Das EFSA GMO Panel hat das Problem zwar erkannt und auch Kriterien für eine Risikoabschätzung aufgestellt. Wögerbauer bemängelt aber beispielsweise, dass das Panel "im Wesentlichen und undifferenziert" davon ausgeht, dass es in natürlich vorkommenden Bakterienpopulationen bereits viele Resistenzen gibt. Das hieße, dass GV-Pflanzen also - wenn überhaupt - nur einen geringen Beitrag zu weiteren Resistenzbildungen beitragen würden. Für zwei konkrete Resistenzen (gegen Penicillin und Kanamycin/Neomycin) findet er für Europa, dass "sie in zahlreichen Habitaten und bei mehreren Referenzstämmen äußerst selten vorkommen".

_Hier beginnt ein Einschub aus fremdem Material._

text \<open>Each cell carries stationary mass \<open>\<Theta>(R\<^sup>2/n)\<close>: it holds \<open>\<Theta>((side/\<epsilon>)\<^sup>2)\<close> of the
  \<open>\<Theta>(n/\<epsilon>\<^sup>2)\<close> lattice points, and \<open>\<pi>\<close> is uniform up to the factor 4.\<close>
lemma cell_mass:
  assumes r: "r \<ge> 0" and e: "0 < \<epsilon>" "\<epsilon> \<le> 1" and R: "8 \<le> R" "R \<le> sqrt n"
    and valid: "valid_assignment n \<epsilon> (num_cells n R) cell"
    and ab: "a < num_cells n R" "b < num_cells n R"
  defines "p \<equiv> (\<Sum>x\<in>{x\<in>lattice n \<epsilon>. cell x = (a, b)}. stat_dist n r \<epsilon> x)"
  shows "R\<^sup>2 / 1024 \<le> n * p" "n * p \<le> 4 * R\<^sup>2"
proof -
  define m where "m = num_cells n R"
  define s where "s = sqrt n / m"
  define X where "X = s / \<epsilon>"
  define Y where "Y = sqrt n / \<epsilon>"
  define C where "C = {x\<in>lattice n \<epsilon>. cell x = (a, b)}"
  have n: "0 < real n" using R by (cases n) auto
  have "0 < m" using ab unfolding m_def by linarith
  then have side: "R / 4 \<le> s" "s \<le> R / 2"
    using num_cells_bounds[of R n] R unfolding s_def m_def by (simp_all add: field_simps)
  have "s * \<epsilon> \<le> s" "sqrt n * \<epsilon> \<le> sqrt n"
    using e side R by (simp_all add: mult_right_le_one_le)
  then have "s \<le> X" "sqrt n \<le> Y"
    using e unfolding X_def Y_def by (simp_all add: le_divide_eq)
  then have X: "2 \<le> X" and Y: "1 \<le> Y" using side R by linarith+
  have "X\<^sup>2 / 4 = (X / 2)\<^sup>2" by (simp add: power_divide)
  also have "\<dots> \<le> (X - 1)\<^sup>2" using X by (intro power_mono) auto
  also have "\<dots> \<le> card C"
    using card_cell_points_lower[OF e(1) valid ab] X unfolding C_def X_def s_def m_def by simp
  finally have C_low: "X\<^sup>2 / 4 \<le> card C" .
  have "card C \<le> (X + 1)\<^sup>2"
    using card_cell_points_upper[OF e(1) valid, of a b] unfolding C_def X_def s_def m_def .
  also have "\<dots> \<le> (2 * X)\<^sup>2" using X by (intro power_mono) auto
  also have "\<dots> = 4 * X\<^sup>2" by (simp add: power_mult_distrib)
  finally have C_up: "card C \<le> 4 * X\<^sup>2" .
  have L: "Y\<^sup>2 \<le> card (lattice n \<epsilon>)" "card (lattice n \<epsilon>) \<le> 4 * Y\<^sup>2"
    using card_lattice_bounds[OF e(1)] Y unfolding Y_def by auto
  have "1 \<le> Y\<^sup>2" using Y by (simp add: one_le_power)
  then have L_pos: "0 < real (card (lattice n \<epsilon>))" using L by linarith
  have XY: "X\<^sup>2 / Y\<^sup>2 = s\<^sup>2 / n"
    unfolding X_def Y_def using e n by (simp add: power_divide)
  have "C \<subseteq> lattice n \<epsilon>" unfolding C_def by auto
  moreover have "p = (\<Sum>x\<in>C. stat_dist n r \<epsilon> x)" unfolding p_def C_def ..
  ultimately have mass: "card C / (4 * card (lattice n \<epsilon>)) \<le> p" "p \<le> 4 * card C / card (lattice n \<epsilon>)"
    using stat_dist_mass[OF e(1) r] by auto
  have "(X\<^sup>2 / 4) / (4 * (4 * Y\<^sup>2)) \<le> card C / (4 * card (lattice n \<epsilon>))"
    using C_low L L_pos by (intro frac_le) auto
  then have "(X\<^sup>2 / Y\<^sup>2) / 64 \<le> p" using mass(1) by (simp add: field_simps)
  then have "s\<^sup>2 / 64 \<le> n * p" unfolding XY using n by (simp add: field_simps)
  moreover have "(R / 4)\<^sup>2 \<le> s\<^sup>2" using side R by (intro power_mono) auto
  ultimately show "R\<^sup>2 / 1024 \<le> n * p" by (simp add: power_divide)
  have "4 * card C / card (lattice n \<epsilon>) \<le> 4 * (4 * X\<^sup>2) / Y\<^sup>2"
    using C_up L \<open>1 \<le> Y\<^sup>2\<close> by (intro frac_le) auto
  then have "p \<le> 16 * (X\<^sup>2 / Y\<^sup>2)" using mass(2) by (simp add: field_simps)
  then have "n * p \<le> 16 * s\<^sup>2" unfolding XY using n by (simp add: field_simps)
  moreover have "s\<^sup>2 \<le> (R / 2)\<^sup>2" using side R by (intro power_mono) auto
  ultimately show "n * p \<le> 4 * R\<^sup>2" by (simp add: power_divide)
qed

Risikolose Antibiotikaresistenz?

Des Weiteren kritisiert Wögerbauer, dass das Panel gewisse Antibiotika für medizinische Zwecke als nicht mehr relevant erachtet und sie deshalb als risikolos einstuft. Hier würden länderspezifische Unterschiede einfach übergangen. Und nennt als Beispiel Kanamycin: In Österreich wird dieses Antibiotikum im humantherapeutischen Bereich gar nicht eingesetzt; in Estland ist es hingegen erst kürzlich in den nationalen Tuberkulose- Therapieplan aufgenommen worden. Am Schluss seines Berichts empfiehlt Wögerbauer, dass das Risiko länderspezifisch und in einem Case-by-case-Verfahren neu abgeschätzt werde. Dafür zuständig sollte die jeweilige nationale Behörde sein. Doch auch hier wäre wiederum einiges an Forschungsarbeit nötig. Denn: "Zu groß sind gegenwärtig noch die Unsicherheiten und Wissenslücken, der Mangel an repräsentativen quantitativen Daten, um die lokalen Unterschiede bei Resistenzraten und Antibiotikaverbrauch."